Anglos and Saxons Before England

*Anglos and Saxons Before England
By Maeve Maddox

A reader wonders about the terms Anglos and Saxons:

"I have often heard the term Anglo-Saxon, but never just Anglos or Saxons. However, I learned that these are two separate people groups from different areas (of what I guess is Northern Europe). If what I learned is accurate, from what countries are the Anglos, and from what countries are the Saxons? I appreciate any help. I’ve been trying to confirm this information since I was in college."

In the fifth century, when the Teutonic invasions of Britain began, the map of Europe did not conform to the way the countries are arranged there today.

Picture northern Europe, starting at Denmark on the Jutland Peninsula and descending along the coast opposite England, down to Belgium.

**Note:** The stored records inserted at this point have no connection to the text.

lemma fundamental_lemma_calculus_of_variations:
  assumes f: "continuous_on UNIV f"
    and orth: "\<And>X. test_tower X \<Longrightarrow> (LINT t|lborel. f t * X 0 t) = 0"
  shows "f t0 = 0"
proof (rule ccontr)
  assume "f t0 \<noteq> 0"
  define g where "g t = f t0 * f t" for t
  have g: "continuous_on UNIV g" unfolding g_def by (intro continuous_intros f)
  have "0 < g t0" using \<open>f t0 \<noteq> 0\<close> unfolding g_def by (metis not_real_square_gt_zero)
  moreover have "isCont g t0" using g by (simp add: continuous_on_eq_continuous_at)
  ultimately obtain \<delta> where "0 < \<delta>" and \<delta>: "\<And>t. \<bar>t - t0\<bar> < \<delta> \<Longrightarrow> \<bar>g t - g t0\<bar> < g t0"
    unfolding continuous_at_eps_delta dist_real_def by metis
  define X where "X = bump_at t0 (\<delta> / 2)"
  have X: "test_tower X" unfolding X_def by (rule test_tower_bump_at) (use \<open>0 < \<delta>\<close> in simp)
  have gX: "continuous_on UNIV (\<lambda>t. g t * X 0 t)"
    using X by (intro continuous_on_mult g deriv_tower_continuous_on[of X]) (simp add: test_tower_def)
  have nonneg: "0 \<le> g t * X 0 t" if "t \<in> {t0 - \<delta> / 2..t0 + \<delta> / 2}" for t
  proof -
    have "\<bar>t - t0\<bar> < \<delta>" using that \<open>0 < \<delta>\<close> by auto
    then have "0 < g t" using \<delta> by (force simp: abs_less_iff)
    then show ?thesis by (simp add: X_def bump_at_def bump_0_nonneg)
  qed
  have "g t0 * X 0 t0 \<noteq> 0" using \<open>0 < g t0\<close> bump_0_pos[of 0] by (simp add: X_def bump_at_def)
  then have "integral {t0 - \<delta> / 2..t0 + \<delta> / 2} (\<lambda>t. g t * X 0 t) \<noteq> 0"
    using integral_eq_0_iff[OF continuous_on_subset[OF gX] _ nonneg] \<open>0 < \<delta>\<close> by auto
  moreover have "(LINT t|lborel. g t * X 0 t) = integral {t0 - \<delta> / 2..t0 + \<delta> / 2} (\<lambda>t. g t * X 0 t)"
    by (rule lborel_integral_vanishing_outside_Icc(2)[OF gX])
      (use bump_at_0_eq_0[of "\<delta> / 2"] \<open>0 < \<delta>\<close> in \<open>auto simp: X_def\<close>)
  moreover have "(LINT t|lborel. g t * X 0 t) = 0"
    using orth[OF X] by (simp add: g_def mult.assoc)
  ultimately show False by simp
qed

section \<open>Weak derivatives\<close>

definition unit_bump :: "nat \<Rightarrow> real \<Rightarrow> real" where
  "unit_bump k t = bump k t / (LINT s|lborel. bump 0 s)"

lemma integral_bump_pos: "0 < (LINT s|lborel. bump 0 s)"
proof -
  have c: "continuous_on UNIV (bump 0)" by (rule deriv_tower_continuous_on[OF deriv_tower_bump])
  have "(LINT s|lborel. bump 0 s) = integral {-1..1} (bump 0)"
    by (rule lborel_integral_vanishing_outside_Icc(2)[OF c]) (use bump_0_eq_0 in auto)
  moreover have "integral {-1..1} (bump 0) \<noteq> 0"
    using integral_eq_0_iff[OF continuous_on_subset[OF c], of "-1" 1] bump_0_nonneg bump_0_pos[of 0]
    by auto
  moreover have "0 \<le> integral {-1..1} (bump 0)"
    by (intro integral_nonneg integrable_continuous_real continuous_on_subset[OF c] bump_0_nonneg) simp
  ultimately show ?thesis by linarith
qed

lemma test_tower_bump: "test_tower bump"
  unfolding test_tower_def using deriv_tower_bump bump_0_eq_0 by blast

lemma test_tower_unit_bump: "test_tower unit_bump"
  using test_tower_lincomb[OF test_tower_bump test_tower_bump, of "1 / (LINT s|lborel. bump 0 s)" 0]
  by (simp add: unit_bump_def[abs_def])

lemma integral_unit_bump: "(LINT t|lborel. unit_bump 0 t) = 1"
  using integral_bump_pos by (simp add: unit_bump_def)

lemma test_tower_decompose:
  assumes X: "test_tower X"
  obtains Y where "test_tower Y" "\<And>k t. Y (Suc k) t = X k t - (LINT s|lborel. X 0 s) * unit_bump k t"
proof -
  define c where "c = (LINT s|lborel. X 0 s)"
  define Z where "Z k t = 1 * X k t + (- c) * unit_bump k t" for k t
  have Z: "test_tower Z"
    unfolding Z_def[abs_def] by (rule test_tower_lincomb[OF X test_tower_unit_bump])
  have "integrable lborel (X 0)" "integrable lborel (unit_bump 0)"
    using integrable_mult_test_tower[OF X continuous_on_const, of 1 0]
      integrable_mult_test_tower[OF test_tower_unit_bump continuous_on_const, of 1 0] by simp_all
  then have "(LINT t|lborel. Z 0 t) = 0"
    using integral_unit_bump by (simp add: Z_def c_def)
  then obtain Y where "test_tower Y" "\<And>k. Y (Suc k) = Z k"
    using test_tower_antiderivative[OF Z] by metis
  then show ?thesis using that by (simp add: Z_def c_def)
qed
lemma bipartite_network_source_unique:
  assumes bn: "bipartite_network n S adj" and "\<alpha> \<in> S" "\<beta> \<in> S" "i < n" "j < n" "i \<noteq> j"
    and "adj \<alpha> i" "adj \<alpha> j" "adj \<beta> i" "adj \<beta> j"
  shows "\<alpha> = \<beta>"
proof (rule ccontr)
  assume "\<alpha> \<noteq> \<beta>"
  moreover have "{k. k < n \<and> adj \<alpha> k} = {k. k < n \<and> adj \<beta> k}"
    using bipartite_network_adjacent_parties[OF bn] assms by simp
  ultimately show False
    using bn assms(2,3) unfolding bipartite_network_def by blast
qed

lemma infl_share_imp_share_source:
  "infl_share S adj \<pi> (i, k) (j, l) \<Longrightarrow> share_source S adj i j"
  unfolding infl_share_def share_source_def by auto

lemma infl_share_copies:
  assumes "valid_perms n S adj d \<pi>" "i < n" "k \<noteq> l"
  shows "\<not> infl_share S adj \<pi> (i, k) (i, l)"
proof
  assume "infl_share S adj \<pi> (i, k) (i, l)"
  then obtain \<alpha> where "\<alpha> \<in> S" "adj \<alpha> i" "\<pi> \<alpha> i k = \<pi> \<alpha> i l"
    unfolding infl_share_def by auto
  moreover from this assms have "\<pi> \<alpha> i permutes {..<d}"
    unfolding valid_perms_def by blast
  ultimately show False
    using assms(3) permutes_inj injD by metis
qed

lemma infl_share_iff_source:
  assumes "bipartite_network n S adj" "\<alpha> \<in> S" "i < n" "j < n" "i \<noteq> j" "adj \<alpha> i" "adj \<alpha> j"
  shows "infl_share S adj \<pi> (i, k) (j, l) \<longleftrightarrow> \<pi> \<alpha> i k = \<pi> \<alpha> j l"
proof
  assume "infl_share S adj \<pi> (i, k) (j, l)"
  then obtain \<beta> where "\<beta> \<in> S" "adj \<beta> i" "adj \<beta> j" "\<pi> \<beta> i k = \<pi> \<beta> j l"
    unfolding infl_share_def by auto
  moreover from this have "\<beta> = \<alpha>"
    using bipartite_network_source_unique[OF assms(1)] assms by blast
  ultimately show "\<pi> \<alpha> i k = \<pi> \<alpha> j l" by simp
qed (use assms in \<open>auto simp: infl_share_def\<close>)
locale structured_sequence =
  fixes S :: "'a::semigroup_mult set" and T :: "'a list"
  assumes closed: "\<forall>a\<in>S. \<forall>b\<in>S. a * b \<in> S"
    and set_T: "set T \<subseteq> S"
    and length_T: "length T = card (S - Idem S)"
    and finite_R: "finite (gen (set T))"
    and commutative_R: "commutative_on (gen (set T))"
    and S_minus_R: "S - gen (set T) \<subseteq> Idem S"
    and Y_chain_R: "Y_chain (gen (set T))"
    and lneqN_absorb_R: "\<forall>a\<in>gen (set T). \<forall>b\<in>gen (set T). lneqN (gen (set T)) a b \<longrightarrow> a * b = a"
    and arch_components_R: "\<forall>C\<in>arch_components (gen (set T)).
        (\<exists>x\<in>set T. C = cyc x \<and> finite (cyc x) \<and> sindex x mod speriod x = 1 mod speriod x)
      \<or> (\<exists>x1\<in>set T. \<exists>x2\<in>set T. ideal_ext_cyc C x1 x2 \<and> (\<exists>e. is_identity (cyc x2) e \<and> x1 * e = e))"
    and count_T: "\<forall>x\<in>set T. count_list T x = sindex x + speriod x - 2"
begin

lemma commute_R: "a \<in> gen (set T) \<Longrightarrow> b \<in> gen (set T) \<Longrightarrow> a * b = b * a"
  using commutative_R unfolding commutative_on_def by blast

lemma generator_in_R: "x \<in> set T \<Longrightarrow> x \<in> gen (set T)"
  using cyc_subset_gen_of cyc_self by blast

lemma finite_cyc_generator: "x \<in> set T \<Longrightarrow> finite (cyc x)"
  using cyc_subset_gen_of finite_R finite_subset by blast

lemma card_cyc_minus_Idem_generator:
  assumes "x \<in> set T"
  shows "card (cyc x - Idem S) = count_list T x"
proof -
  interpret monogenic x
    using finite_cyc_generator[OF assms] by unfold_locales
  show ?thesis
    using card_cyc_minus_Idem[of S] cyc_subset_gen_of[OF assms] gen_subset[OF set_T closed]
      count_T assms by auto
qed

lemma generator_nonidem:
  assumes "x \<in> set T"
  shows "x * x \<noteq> x"
proof
  assume "x * x = x"
  then have "count_list T x = 0"
    using sindex_speriod_idem[of x] count_T assms by simp
  then show False
    using assms count_list_0_iff by metis
qed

In the fifth century, these lands were inhabited by tribes known as Jutes, Angles, Saxons, Frisians, and Franks. All were Germanic in ethnicity and language. A mix of these tribes migrated to England in the fifth and sixth centuries C.E.

The earliest historical reference to these invasions occurs in the Ecclesiastical History of the English People (731 C.E.) of the Venerable Bede. He refers only to the Angles, the Saxons, and the Jutes by name.

The Celtic people who already lived in Britain called all the Germanic invaders “Saxons.” Latin writers came to refer to all the invaders as Angli and the country as Anglia. The Latin title of Bede’s history is Historia Ecclesiastica Gentis Anglorum.

When the time came for the invaders to write in the vernacular, they all called the language they spoke Englisc (English). The name derives from the name for the Angles (Engle) but was used for all the dialects the invaders spoke.

If you want to associate modern terms with these peoples, the Saxons, Franks, and Frisians were “German-Dutch.” The Angles were “southern Danish,” and the Jutes were “northern Danish.”